Let’s begin by looking at the benefits of blogging in more detail.
A well-run blog should play a key part in your marketing strategy (not to mention the fact that if you want to invest in content marketing, it’s pretty much a prerequisite).
Benefits to blogging as a business include (but aren’t limited to):
Let’s break this down.
Increased brand awareness – Great blog content will get shared around and increase the number of consumers who are exposed to your brand.
Increased organic search traffic – Well-written and useful content can rank in the search results and drive organic (i.e. free) traffic to your site.
More brand authority – Write in a manner that showcases your knowledge, and consumers will come to know you (and your brand) as an authority in your industry.
More leads – Blog content that targets consumers towards the beginning and the middle of the sales funnel can bring targeted traffic to your site and turn them into leads.
More conversions – In a similar manner, you can also craft content that will help turn those leads into sales.
Links – Links are the beating heart of the web and are one of the biggest factors Google uses to determine how visible a site is in its search results. You’ll need them if you want to rank organically.
Best of all, these benefits will generally stick with you for the long haul. Content that performs well initially tends to continue to perform well over time. Content that doesn’t perform well right away can often gain traction down the line.
Take Hubspot, for instance. The site sees a significantly higher number of leads generated via its old blog posts than its new ones.
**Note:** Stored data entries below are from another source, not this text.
(* Let $q$ be a prime power, $k<n$ integers and ${\mathcal D}$ a probability distribution on $\{0,1,\dots,k\}$. Consider the following randomized algorithm PrangeOne on input ${\mathbf{H}}\in\mathbb{F}_q^{(n-k)\times n}$ and ${\mathbf{s}}\in\mathbb{F}_q^{n-k}$: draw $t\sim{\mathcal D}$; let ${\mathcal I}$ be an information set of the code $\{{\mathbf{x}}:{\mathbf{x}}{\mathbf{H}}^\top={\mathbf{0}}\}$ (a set of $k$ positions whose complement indexes $n-k$ linearly independent columns of ${\mathbf{H}}$); draw ${\mathbf{x}}$ uniformly among the vectors of $\mathbb{F}_q^n$ with $|{\mathbf{x}}_{\mathcal I}|=t$; output the unique ${\mathbf{e}}\in\mathbb{F}_q^n$ with ${\mathbf{e}}{\mathbf{H}}^\top={\mathbf{s}}$ and ${\mathbf{e}}_{\mathcal I}={\mathbf{x}}_{\mathcal I}$. When ${\mathbf{H}}$ is chosen uniformly at random in $\mathbb{F}_q^{(n-k)\times n}$ and ${\mathbf{s}}$ uniformly at random in $\mathbb{F}_q^{n-k}$, the output ${\mathbf{e}}$ satisfies $|{\mathbf{e}}|=S+T$, where $S\in\{0,\dots,n-k\}$ and $T\in\{0,\dots,k\}$ are independent random variables, $S$ is distributed as the Hamming weight of a uniformly random vector of $\mathbb{F}_q^{n-k}$, and $\mathbb{P}(T=t)={\mathcal D}(t)$. Consequently $$\mathbb{P}(|{\mathbf{e}}|=w)=\sum_{t=0}^{w}\frac{\binom{n-k}{w-t}(q-1)^{w-t}}{q^{n-k}}{\mathcal D}(t),\qquad \mathbb{E}(|{\mathbf{e}}|)=\overline{{\mathcal D}}+\frac{q-1}{q}(n-k),$$ where $\overline{{\mathcal D}}=\sum_{t=0}^k t\,{\mathcal D}(t)$.
   Context: $|{\mathbf{x}}|$ denotes the Hamming weight (number of nonzero coordinates) of ${\mathbf{x}}$; ${\mathbf{x}}_{\mathcal I}$ denotes the restriction of ${\mathbf{x}}$ to the coordinates in ${\mathcal I}$. *)

theory Defs
  imports "HOL-Probability.Probability"
begin

text \<open>Vectors of length n over a finite field 'a are represented as functions
  nat \<Rightarrow> 'a vanishing outside {..<n}; an m \<times> n matrix H is a function
  nat \<Rightarrow> nat \<Rightarrow> 'a (row index first) vanishing outside {..<m} \<times> {..<n}.\<close>

definition vecs :: "nat \<Rightarrow> (nat \<Rightarrow> 'a::zero) set" where
  "vecs n = {x. \<forall>i. n \<le> i \<longrightarrow> x i = 0}"

definition mats :: "nat \<Rightarrow> nat \<Rightarrow> (nat \<Rightarrow> nat \<Rightarrow> 'a::zero) set" where
  "mats m n = {H. \<forall>j i. (m \<le> j \<or> n \<le> i) \<longrightarrow> H j i = 0}"

definition hweight :: "nat \<Rightarrow> (nat \<Rightarrow> 'a::zero) \<Rightarrow> nat" where
  "hweight n x = card {i \<in> {..<n}. x i \<noteq> 0}"

definition restr_weight :: "nat set \<Rightarrow> (nat \<Rightarrow> 'a::zero) \<Rightarrow> nat" where
  "restr_weight I x = card {i \<in> I. x i \<noteq> 0}"

definition syndrome :: "nat \<Rightarrow> nat \<Rightarrow> (nat \<Rightarrow> nat \<Rightarrow> 'a::comm_semiring_1) \<Rightarrow> (nat \<Rightarrow> 'a) \<Rightarrow> (nat \<Rightarrow> 'a)" where
  "syndrome m n H e = (\<lambda>j. if j < m then (\<Sum>i<n. e i * H j i) else 0)"

definition cols_lin_indep :: "nat \<Rightarrow> (nat \<Rightarrow> nat \<Rightarrow> 'a::field) \<Rightarrow> nat set \<Rightarrow> bool" where
  "cols_lin_indep m H J \<longleftrightarrow>
     (\<forall>c::nat \<Rightarrow> 'a. (\<forall>j<m. (\<Sum>i\<in>J. c i * H j i) = 0) \<longrightarrow> (\<forall>i\<in>J. c i = 0))"

definition info_set :: "nat \<Rightarrow> nat \<Rightarrow> (nat \<Rightarrow> nat \<Rightarrow> 'a::field) \<Rightarrow> nat set \<Rightarrow> bool" where
  "info_set n k H I \<longleftrightarrow> I \<subseteq> {..<n} \<and> card I = k \<and>
     cols_lin_indep (n - k) H ({..<n} - I)"

definition good_mats :: "nat \<Rightarrow> nat \<Rightarrow> (nat \<Rightarrow> nat \<Rightarrow> 'a::field) set" where
  "good_mats n k = {H \<in> mats (n - k) n. \<exists>I. info_set n k H I}"

text \<open>PrangeOne. The information set is chosen by an arbitrary (possibly randomized)
  rule Isel; t ~ D; x uniform among length-n vectors with |x_I| = t; output the
  unique e with e H^T = s and e_I = x_I.\<close>
definition prange_one ::
  "nat \<Rightarrow> nat \<Rightarrow> nat pmf \<Rightarrow> ((nat \<Rightarrow> nat \<Rightarrow> 'a::{finite,field}) \<Rightarrow> nat set pmf)
   \<Rightarrow> (nat \<Rightarrow> nat \<Rightarrow> 'a) \<Rightarrow> (nat \<Rightarrow> 'a) \<Rightarrow> (nat \<Rightarrow> 'a) pmf" where
  "prange_one n k D Isel H s =
     do { t \<leftarrow> D;
          I \<leftarrow> Isel H;
          x \<leftarrow> pmf_of_set {x \<in> vecs n. restr_weight I x = t};
          return_pmf (THE e. e \<in> vecs n \<and> syndrome (n - k) n H e = s \<and> (\<forall>i\<in>I. e i = x i)) }"

definition prange_output ::
  "nat \<Rightarrow> nat \<Rightarrow> nat pmf \<Rightarrow> ((nat \<Rightarrow> nat \<Rightarrow> 'a::{finite,field}) \<Rightarrow> nat set pmf) \<Rightarrow> (nat \<Rightarrow> 'a) pmf" where
  "prange_output n k D Isel =
     do { H \<leftarrow> pmf_of_set (good_mats n k);
          s \<leftarrow> pmf_of_set (vecs (n - k));
          prange_one n k D Isel H s }"

end

theory Submission
  imports Defs
begin

text \<open>Fix a parity-check matrix H, an information set I and a vector x with |x_I| = t.
  Since the columns of H outside I are linearly independent, e \<mapsto> e H^T is a bijection
  from the vectors agreeing with x on I onto F_q^(n-k), so for a uniform syndrome s the output
  e is uniform among these vectors. Its weight is t plus the weight of a uniform vector on the
  n - k positions outside I, a distribution that depends neither on H nor on I nor on x.
  Hence |e| = S + T with S and T independent, and the formulas for the distribution and the
  mean of |e| follow by counting vectors of given weight.\<close>

lemma expectation_plus_pair_pmf:
  assumes "finite (set_pmf A)" "finite (set_pmf B)"
  shows "measure_pmf.expectation (map_pmf (\<lambda>(s, t). s + t) (pair_pmf A B)) real
       = measure_pmf.expectation A real + measure_pmf.expectation B real"
proof -
  have "finite (set_pmf (pair_pmf A B))"
    using assms by (simp add: set_pair_pmf)
  then have "measure_pmf.expectation (pair_pmf A B) (\<lambda>p. real (fst p) + real (snd p))
      = measure_pmf.expectation (pair_pmf A B) (\<lambda>p. real (fst p))
        + measure_pmf.expectation (pair_pmf A B) (\<lambda>p. real (snd p))"
    by (intro Bochner_Integration.integral_add integrable_measure_pmf_finite)
  then show ?thesis
    by (simp add: case_prod_beta)
qed

lemma expectation_real_pmf_atLeastAtMost:
  assumes "set_pmf D \<subseteq> {0..k}"
  shows "measure_pmf.expectation D real = (\<Sum>t = 0..k. real t * pmf D t)"
  using assms by (subst integral_measure_pmf[of "{0..k}"]) (auto simp: mult.commute)

lemma vecs_eq_PiE_dflt: "vecs n = PiE_dflt {..<n} 0 (\<lambda>_. UNIV)"
  by (auto simp: vecs_def PiE_dflt_def)

lemma finite_vecs [simp]: "finite (vecs n :: (nat \<Rightarrow> 'a::{finite,zero}) set)"
  unfolding vecs_eq_PiE_dflt by (intro finite_PiE_dflt) auto

lemma vecs_nonempty [simp]: "vecs n \<noteq> {}"
  by (auto simp: vecs_def intro!: exI[of _ "\<lambda>_. 0"])

lemma card_vecs: "card (vecs n :: (nat \<Rightarrow> 'a::{finite,zero}) set) = CARD('a) ^ n"
  unfolding vecs_eq_PiE_dflt by (subst card_PiE_dflt) auto

lemma card_PiE_dflt_support_eq:
  fixes S :: "'i \<Rightarrow> 'a::{finite,zero} set"
  assumes "finite A" "B \<subseteq> J" "J \<subseteq> A" "\<forall>i\<in>J. S i = UNIV"
  shows "card {v \<in> PiE_dflt A 0 S. {i \<in> J. v i \<noteq> 0} = B}
       = (CARD('a) - 1) ^ card B * (\<Prod>i\<in>A - J. card (S i))"
proof -
  define T where "T i = (if i \<in> B then UNIV - {0} else if i \<in> J then {0} else S i)" for i
  have "{v \<in> PiE_dflt A 0 S. {i \<in> J. v i \<noteq> 0} = B} = PiE_dflt A 0 T"
  proof (intro set_eqI)
    fix v :: "'i \<Rightarrow> 'a"
    have "v i \<in> T i \<longleftrightarrow> v i \<in> S i \<and> (i \<in> J \<longrightarrow> (v i \<noteq> 0 \<longleftrightarrow> i \<in> B))" for i
      using assms(2,4) by (auto simp: T_def)
    moreover have "{i \<in> J. v i \<noteq> 0} = B \<longleftrightarrow> (\<forall>i\<in>J. v i \<noteq> 0 \<longleftrightarrow> i \<in> B)"
      using assms(2) by blast
    ultimately show "v \<in> {v \<in> PiE_dflt A 0 S. {i \<in> J. v i \<noteq> 0} = B} \<longleftrightarrow> v \<in> PiE_dflt A 0 T"
      using assms(3) by (auto simp: PiE_dflt_def)
  qed
  also have "card \<dots> = (\<Prod>i\<in>A. card (T i))"
    using assms(1) by (intro card_PiE_dflt) auto
  also have "\<dots> = (\<Prod>i\<in>B. card (T i)) * (\<Prod>i\<in>J - B. card (T i)) * (\<Prod>i\<in>A - J. card (T i))"
    using assms(1-3) prod.subset_diff[of B J] prod.subset_diff[of J A] finite_subset
    by (metis mult.commute)
  also have "(\<Prod>i\<in>A - J. card (T i)) = (\<Prod>i\<in>A - J. card (S i))"
    using assms(2) by (intro prod.cong) (auto simp: T_def)
  also have "(\<Prod>i\<in>B. card (T i)) * (\<Prod>i\<in>J - B. card (T i)) = (CARD('a) - 1) ^ card B"
    by (simp add: T_def card_Diff_singleton)
  finally show ?thesis .
qed

lemma card_PiE_dflt_support_card:
  fixes S :: "'i \<Rightarrow> 'a::{finite,zero} set"
  assumes "finite A" "J \<subseteq> A" "\<forall>i\<in>J. S i = UNIV"
  shows "card {v \<in> PiE_dflt A 0 S. card {i \<in> J. v i \<noteq> 0} = s}
       = (card J choose s) * (CARD('a) - 1) ^ s * (\<Prod>i\<in>A - J. card (S i))"
proof -
  let ?Bs = "{B. B \<subseteq> J \<and> card B = s}"
  have "finite J"
    using assms(1,2) by (rule finite_subset[rotated])
  have "finite (PiE_dflt A 0 S)"
    using assms(1) by (intro finite_PiE_dflt) auto
  have "{v \<in> PiE_dflt A 0 S. card {i \<in> J. v i \<noteq> 0} = s}
      = (\<Union>B\<in>?Bs. {v \<in> PiE_dflt A 0 S. {i \<in> J. v i \<noteq> 0} = B})"
  proof (intro equalityI subsetI)
    fix v
    assume "v \<in> {v \<in> PiE_dflt A 0 S. card {i \<in> J. v i \<noteq> 0} = s}"
    then show "v \<in> (\<Union>B\<in>?Bs. {v \<in> PiE_dflt A 0 S. {i \<in> J. v i \<noteq> 0} = B})"
      by (intro UN_I[of "{i \<in> J. v i \<noteq> 0}"]) auto
  qed auto
  also have "card \<dots> = (\<Sum>B\<in>?Bs. card {v \<in> PiE_dflt A 0 S. {i \<in> J. v i \<noteq> 0} = B})"
    using \<open>finite J\<close> \<open>finite (PiE_dflt A 0 S)\<close> by (intro card_UN_disjoint) auto
  also have "\<dots> = (\<Sum>B\<in>?Bs. (CARD('a) - 1) ^ s * (\<Prod>i\<in>A - J. card (S i)))"
    using assms by (intro sum.cong) (auto simp: card_PiE_dflt_support_eq)
  also have "\<dots> = (card J choose s) * (CARD('a) - 1) ^ s * (\<Prod>i\<in>A - J. card (S i))"
    using \<open>finite J\<close> by (simp add: n_subsets)
  finally show ?thesis .
qed

lemma card_vecs_hweight:
  "card {v \<in> vecs n :: (nat \<Rightarrow> 'a::{finite,zero}) set. hweight n v = s} = (n choose s) * (CARD('a) - 1) ^ s"
  using card_PiE_dflt_support_card[where A="{..<n}" and J="{..<n}" and S="\<lambda>_. UNIV :: 'a set"]
  by (simp add: vecs_eq_PiE_dflt hweight_def)

lemma pmf_hweight_plus_uniform:
  "pmf (map_pmf (\<lambda>v. hweight n v + t) (pmf_of_set (vecs n :: (nat \<Rightarrow> 'a::{finite,zero}) set))) w
   = (if t \<le> w then real (n choose (w - t)) * real (CARD('a) - 1) ^ (w - t) / real CARD('a) ^ n
      else 0)"
proof -
  have "vecs n \<inter> (\<lambda>v. hweight n v + t) -` {w} =
      (if t \<le> w then {v \<in> vecs n :: (nat \<Rightarrow> 'a) set. hweight n v = w - t} else {})"
    by auto
  then show ?thesis
    by (simp add: pmf_map measure_pmf_of_set card_vecs_hweight card_vecs)
qed

lemma pmf_bind_hweight_plus_uniform:
  "pmf (bind_pmf D (\<lambda>t. map_pmf (\<lambda>v. hweight n v + t) (pmf_of_set (vecs n :: (nat \<Rightarrow> 'a::{finite,zero}) set)))) w
   = (\<Sum>t = 0..w. real (n choose (w - t)) * real (CARD('a) - 1) ^ (w - t) / real CARD('a) ^ n * pmf D t)"
proof -
  have "pmf (bind_pmf D (\<lambda>t. map_pmf (\<lambda>v. hweight n v + t) (pmf_of_set (vecs n :: (nat \<Rightarrow> 'a) set)))) w
      = (\<Sum>t\<in>{0..w}. pmf D t *\<^sub>R pmf (map_pmf (\<lambda>v. hweight n v + t) (pmf_of_set (vecs n :: (nat \<Rightarrow> 'a) set))) w)"
    unfolding pmf_bind by (rule integral_measure_pmf) (auto simp: pmf_hweight_plus_uniform split: if_splits)
  then show ?thesis
    by (simp add: pmf_hweight_plus_uniform mult.commute)
qed

lemma card_vecs_nonzero_at:
  assumes "i < n"
  shows "card {v \<in> vecs n :: (nat \<Rightarrow> 'a::{finite,zero}) set. v i \<noteq> 0} = (CARD('a) - 1) * CARD('a) ^ (n - 1)"
proof -
  have "{j \<in> {i}. v j \<noteq> 0} = {i} \<longleftrightarrow> v i \<noteq> 0" for v :: "nat \<Rightarrow> 'a"
    by auto
  then show ?thesis
    using assms card_PiE_dflt_support_eq[of "{..<n}" "{i}" "{i}" "\<lambda>_. UNIV :: 'a set"]
    by (simp add: vecs_eq_PiE_dflt card_Diff_singleton)
qed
“Let’s say you sit down for an hour and write and publish a blog post today. Let’s say that blog post gets you 100 views and 10 leads. You get another 50 views and 5 leads tomorrow as a few more people find it on social media and some of your subscribers get caught up on their email and RSS. But after a couple days, most of the fanfare from that post dies down and you’ve netted 150 views and 15 leads.
It’s not done.
That blog post is now ranking in search engines. That means for days, weeks, months, and years to come, you can continue to get traffic and leads from that blog post. So while it may feel like day one or bust, in reality, blogging acts more like this:
So while you’re hitting your snooze alarm, surfing in Hawaii, and pumping iron, you’re also driving traffic and leads. The effort you put in yesterday can turn into hundreds of thousands of views and leads in the future.” – Corey Eridon for HubSpot
There are many reasons you might want to run a “personal” blog.
It might be that you want to build your personal brand, perhaps to make a move to freelancing or to make yourself more attractive to prospective employers.
It could be that you have a passion you want to share. Maybe you want to go one step further and use a blog to build yourself up as an authority on that passion, so you can monetize your expertise by working as an influencer.
“Having a high Klout score or a big following does not make you an influencer. Popularity is NOT influence. It takes a lot more work to become a true influencer.
True influencers would never call themselves “influencers” because they are too busy adding value to others’ lives. They use their powers for good, not personal gain. These are the only ‘influencers’ we need to know.” – Cammi Pham, for her blog
Maybe you want to make money as an affiliate marketer.
Perhaps you want to go back to basics and use a blog to share stories with your friends and family. Maybe you just want to use your blog as a 21st-century diary (it’s easy to make them private, if that’s what you’re after).
My own blog, sujanpatel.com, is part personal, part business.
It exists to build my personal brand, but my personal brand is my business (or one of them, at least). The blog has been instrumental to the growth of the “Sujan brand.”
One of the key goals of sujanpatel.com is to drive consultancy leads. I have a page dedicated to that purpose. However, the benefits go much further than that.
My blog has been responsible for book sales, helped to grow my email list, and led to a number of speaking gigs.
Literally, money just lands in my lap if I make sure to blog regularly and answer my email.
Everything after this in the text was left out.